definition theta2_cert_63000000 :: certificate where
  "theta2_cert_63000000 = Branch [Omega_Cut 8, Branch [Omega_Cut 7, Branch [Branch [Omega_Cut 6,
    Branch [Omega_Cut 5, Branch [Omega_Cut 4, Branch [Omega_Cut 3, Branch [Omega_Cut 2, Branch
    [Branch [Branch [Omega_Cut 1, Omega_Cut 1], Omega_Cut 1], Omega_Cut 1]], Omega_Cut 2],
    Omega_Cut 3, Omega_Cut 2], Omega_Cut 4, Omega_Cut 3], Omega_Cut 5, Omega_Cut 4, Omega_Cut 4],
    Branch [Branch [Omega_Cut 5, Branch [Omega_Cut 4, Branch [Branch [Omega_Cut 3, Branch
    [Omega_Cut 2, Branch [Branch [Omega_Cut 1, Omega_Cut 1], Omega_Cut 1]], Omega_Cut 2], Branch
    [Branch [Omega_Cut 2, Branch [Branch [Branch [Omega_Cut 1, Omega_Cut 1], Omega_Cut 1],
    Omega_Cut 1]], Branch [Branch [Branch [Branch [Branch [Branch [Omega_Cut 1, Omega_Cut 1],
    Omega_Cut 1], Omega_Cut 1], Omega_Cut 1], Omega_Cut 1], Omega_Cut 1]], Omega_Cut 2],
    Omega_Cut 3, Omega_Cut 2], Omega_Cut 4, Omega_Cut 3], Branch [Branch [Branch [Omega_Cut 4,
    Branch [Omega_Cut 3, Branch [Branch [Omega_Cut 2, Branch [Omega_Cut 1, Omega_Cut 1]], Branch
    [Branch [Branch [Omega_Cut 1, Omega_Cut 1], Omega_Cut 1], Omega_Cut 1]], Omega_Cut 2],
    Omega_Cut 3, Omega_Cut 2], Branch [Branch [Branch [Omega_Cut 3, Branch [Omega_Cut 2, Branch
    [Omega_Cut 1, Omega_Cut 1]], Omega_Cut 2], Branch [Branch [Branch [Omega_Cut 2, Branch
    [Omega_Cut 1, Omega_Cut 1]], Branch [Branch [Branch [Omega_Cut 1, Omega_Cut 1], Omega_Cut 1],
    Omega_Cut 1]], Branch [Branch [Branch [Branch [Branch [Branch [Omega_Cut 1, Omega_Cut 1],
    Omega_Cut 1], Omega_Cut 1], Omega_Cut 1], Omega_Cut 1], Omega_Cut 1]], Omega_Cut 2], Branch
    [Branch [Branch [Branch [Omega_Cut 2, Branch [Branch [Branch [Omega_Cut 1, Omega_Cut 1],
    Omega_Cut 1], Omega_Cut 1]], Branch [Branch [Branch [Branch [Omega_Cut 1, Omega_Cut 1],
    Omega_Cut 1], Omega_Cut 1], Omega_Cut 1]], Branch [Branch [Branch [Branch [Branch [Branch
    [Branch [Omega_Cut 1, Omega_Cut 1], Omega_Cut 1], Omega_Cut 1], Omega_Cut 1], Omega_Cut 1],
    Omega_Cut 1], Omega_Cut 1]], Branch [Branch [Branch [Branch [Branch [Branch [Branch [Branch
    [Branch [Branch [Branch [Omega_Cut 1, Omega_Cut 1], Omega_Cut 1], Omega_Cut 1], Omega_Cut 1],
    Omega_Cut 1], Omega_Cut 1], Omega_Cut 1], Omega_Cut 1], Omega_Cut 1], Omega_Cut 1],
    Omega_Cut 1]], Omega_Cut 2], Omega_Cut 3, Omega_Cut 2], Branch [Branch [Branch [Branch
    [Omega_Cut 3, Branch [Branch [Omega_Cut 2, Branch [Omega_Cut 1, Omega_Cut 1]], Branch [Branch
    [Omega_Cut 1, Omega_Cut 1], Omega_Cut 1]], Omega_Cut 2], Branch [Branch [Branch [Omega_Cut 2,
    Branch [Branch [Branch [Omega_Cut 1, Omega_Cut 1], Omega_Cut 1], Omega_Cut 1]], Branch [Branch
    [Branch [Branch [Branch [Omega_Cut 1, Omega_Cut 1], Omega_Cut 1], Omega_Cut 1], Omega_Cut 1],
    Omega_Cut 1]], Branch [Branch [Branch [Branch [Branch [Branch [Branch [Branch [Branch
    [Omega_Cut 1, Omega_Cut 1], Omega_Cut 1], Omega_Cut 1], Omega_Cut 1], Omega_Cut 1],
    Omega_Cut 1], Omega_Cut 1], Omega_Cut 1], Omega_Cut 1]], Omega_Cut 2], Branch [Branch [Branch
    [Branch [Branch [Omega_Cut 2, Branch [Branch [Omega_Cut 1, Omega_Cut 1], Omega_Cut 1]], Branch
    [Branch [Branch [Branch [Omega_Cut 1, Omega_Cut 1], Omega_Cut 1], Omega_Cut 1], Omega_Cut 1]],
    Branch [Branch [Branch [Branch [Branch [Branch [Omega_Cut 1, Omega_Cut 1], Omega_Cut 1],
    Omega_Cut 1], Omega_Cut 1], Omega_Cut 1], Omega_Cut 1]], Branch [Branch [Branch [Branch [Branch
    [Branch [Branch [Branch [Branch [Branch [Omega_Cut 1, Omega_Cut 1], Omega_Cut 1], Omega_Cut 1],
    Omega_Cut 1], Omega_Cut 1], Omega_Cut 1], Omega_Cut 1], Omega_Cut 1], Omega_Cut 1],
    Omega_Cut 1]], Omega_Cut 2, Omega_Cut 1], Omega_Cut 2], Branch [Branch [Branch [Branch [Branch
    [Branch [Branch [Branch [Omega_Cut 2, Branch [Omega_Cut 1, Omega_Cut 1]], Branch [Branch
    [Omega_Cut 1, Omega_Cut 1], Omega_Cut 1]], Branch [Branch [Branch [Branch [Omega_Cut 1,
    Omega_Cut 1], Omega_Cut 1], Omega_Cut 1], Omega_Cut 1]], Omega_Cut 2], Omega_Cut 2],
    Omega_Cut 2], Omega_Cut 2, Omega_Cut 1], Omega_Cut 2, Omega_Cut 1], Omega_Cut 2], Omega_Cut 3,
    Omega_Cut 2], Omega_Cut 4, Omega_Cut 4, Omega_Cut 3], Branch [Omega_Cut 5, Branch [Omega_Cut 4,
    Branch [Omega_Cut 3, Branch [Omega_Cut 2, Omega_Cut 2], Omega_Cut 2], Omega_Cut 3], Omega_Cut 4,
    Omega_Cut 3], Omega_Cut 5, Omega_Cut 4, Omega_Cut 4], Branch [Omega_Cut 6, Branch [Omega_Cut 5,
    Branch [Omega_Cut 4, Branch [Branch [Omega_Cut 3, Branch [Omega_Cut 2, Omega_Cut 2],
    Omega_Cut 2], Branch [Branch [Omega_Cut 2, Omega_Cut 2], Omega_Cut 2], Omega_Cut 2],
    Omega_Cut 3, Omega_Cut 2], Omega_Cut 4, Omega_Cut 3, Omega_Cut 3], Omega_Cut 5, Omega_Cut 5,
    Omega_Cut 4, Omega_Cut 3], Omega_Cut 6, Omega_Cut 6, Omega_Cut 5, Omega_Cut 5, Omega_Cut 5,
    Omega_Cut 4], Branch [Omega_Cut 7, Branch [Omega_Cut 6, Branch [Omega_Cut 5, Branch [Branch
    [Omega_Cut 4, Branch [Omega_Cut 3, Branch [Omega_Cut 2, Branch [Branch [Branch [Omega_Cut 1,
    Omega_Cut 1], Omega_Cut 1], Omega_Cut 1]], Omega_Cut 2], Omega_Cut 3, Omega_Cut 2], Branch
    [Branch [Branch [Omega_Cut 3, Branch [Omega_Cut 2, Branch [Omega_Cut 1, Omega_Cut 1]],
    Omega_Cut 2], Branch [Branch [Omega_Cut 2, Branch [Branch [Omega_Cut 1, Omega_Cut 1],
    Omega_Cut 1]], Omega_Cut 2], Omega_Cut 2], Branch [Branch [Branch [Branch [Omega_Cut 2,
    Omega_Cut 2], Omega_Cut 2], Omega_Cut 2], Omega_Cut 2], Omega_Cut 2], Omega_Cut 3, Omega_Cut 2],
    Omega_Cut 4, Omega_Cut 4, Omega_Cut 3], Omega_Cut 5, Omega_Cut 5, Omega_Cut 4, Omega_Cut 4],
    Omega_Cut 6, Omega_Cut 6, Omega_Cut 6, Omega_Cut 5, Omega_Cut 5, Omega_Cut 4], Branch
    [Omega_Cut 7, Branch [Omega_Cut 6, Branch [Omega_Cut 5, Branch [Omega_Cut 4, Branch
    [Omega_Cut 3, Branch [Branch [Omega_Cut 2, Omega_Cut 2], Omega_Cut 2], Omega_Cut 2],
    Omega_Cut 3], Omega_Cut 4, Omega_Cut 3, Omega_Cut 3], Omega_Cut 5, Omega_Cut 4, Omega_Cut 4,
    Omega_Cut 3], Omega_Cut 6, Omega_Cut 6, Omega_Cut 5, Omega_Cut 5, Omega_Cut 5, Omega_Cut 4],
    Omega_Cut 7, Omega_Cut 7, Omega_Cut 7, Omega_Cut 6, Omega_Cut 6, Omega_Cut 6, Omega_Cut 6,
    Omega_Cut 5, Omega_Cut 5, Omega_Cut 5]"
===
REQUIREMENT >> Give again, word for word, the lines of the listing, starting at its first line and ending with the line containing "Omega_Cut 3, Omega_Cut 2], Branch [Branch [Branch [Omega_Cut".

SOLVED PROBLEM >>
definition theta2_cert_63000000 :: certificate where
  "theta2_cert_63000000 = Branch [Omega_Cut 8, Branch [Omega_Cut 7, Branch [Branch [Omega_Cut 6,
    Branch [Omega_Cut 5, Branch [Omega_Cut 4, Branch [Omega_Cut 3, Branch [Omega_Cut 2, Branch
    [Branch [Branch [Omega_Cut 1, Omega_Cut 1], Omega_Cut 1], Omega_Cut 1]], Omega_Cut 2],
    Omega_Cut 3, Omega_Cut 2], Omega_Cut 4, Omega_Cut 3], Omega_Cut 5, Omega_Cut 4, Omega_Cut 4],
    Branch [Branch [Omega_Cut 5, Branch [Omega_Cut 4, Branch [Branch [Omega_Cut 3, Branch
    [Omega_Cut 2, Branch [Branch [Omega_Cut 1, Omega_Cut 1], Omega_Cut 1]], Omega_Cut 2], Branch
    [Branch [Omega_Cut 2, Branch [Branch [Branch [Omega_Cut 1, Omega_Cut 1], Omega_Cut 1],
    Omega_Cut 1]], Branch [Branch [Branch [Branch [Branch [Branch [Omega_Cut 1, Omega_Cut 1],
    Omega_Cut 1], Omega_Cut 1], Omega_Cut 1], Omega_Cut 1], Omega_Cut 1]], Omega_Cut 2],
    Omega_Cut 3, Omega_Cut 2], Omega_Cut 4, Omega_Cut 3], Branch [Branch [Branch [Omega_Cut 4,
    Branch [Omega_Cut 3, Branch [Branch [Omega_Cut 2, Branch [Omega_Cut 1, Omega_Cut 1]], Branch
    [Branch [Branch [Omega_Cut 1, Omega_Cut 1], Omega_Cut 1], Omega_Cut 1]], Omega_Cut 2],
    Omega_Cut 3, Omega_Cut 2], Branch [Branch [Branch [Omega_Cut 3, Branch [Omega_Cut 2, Branch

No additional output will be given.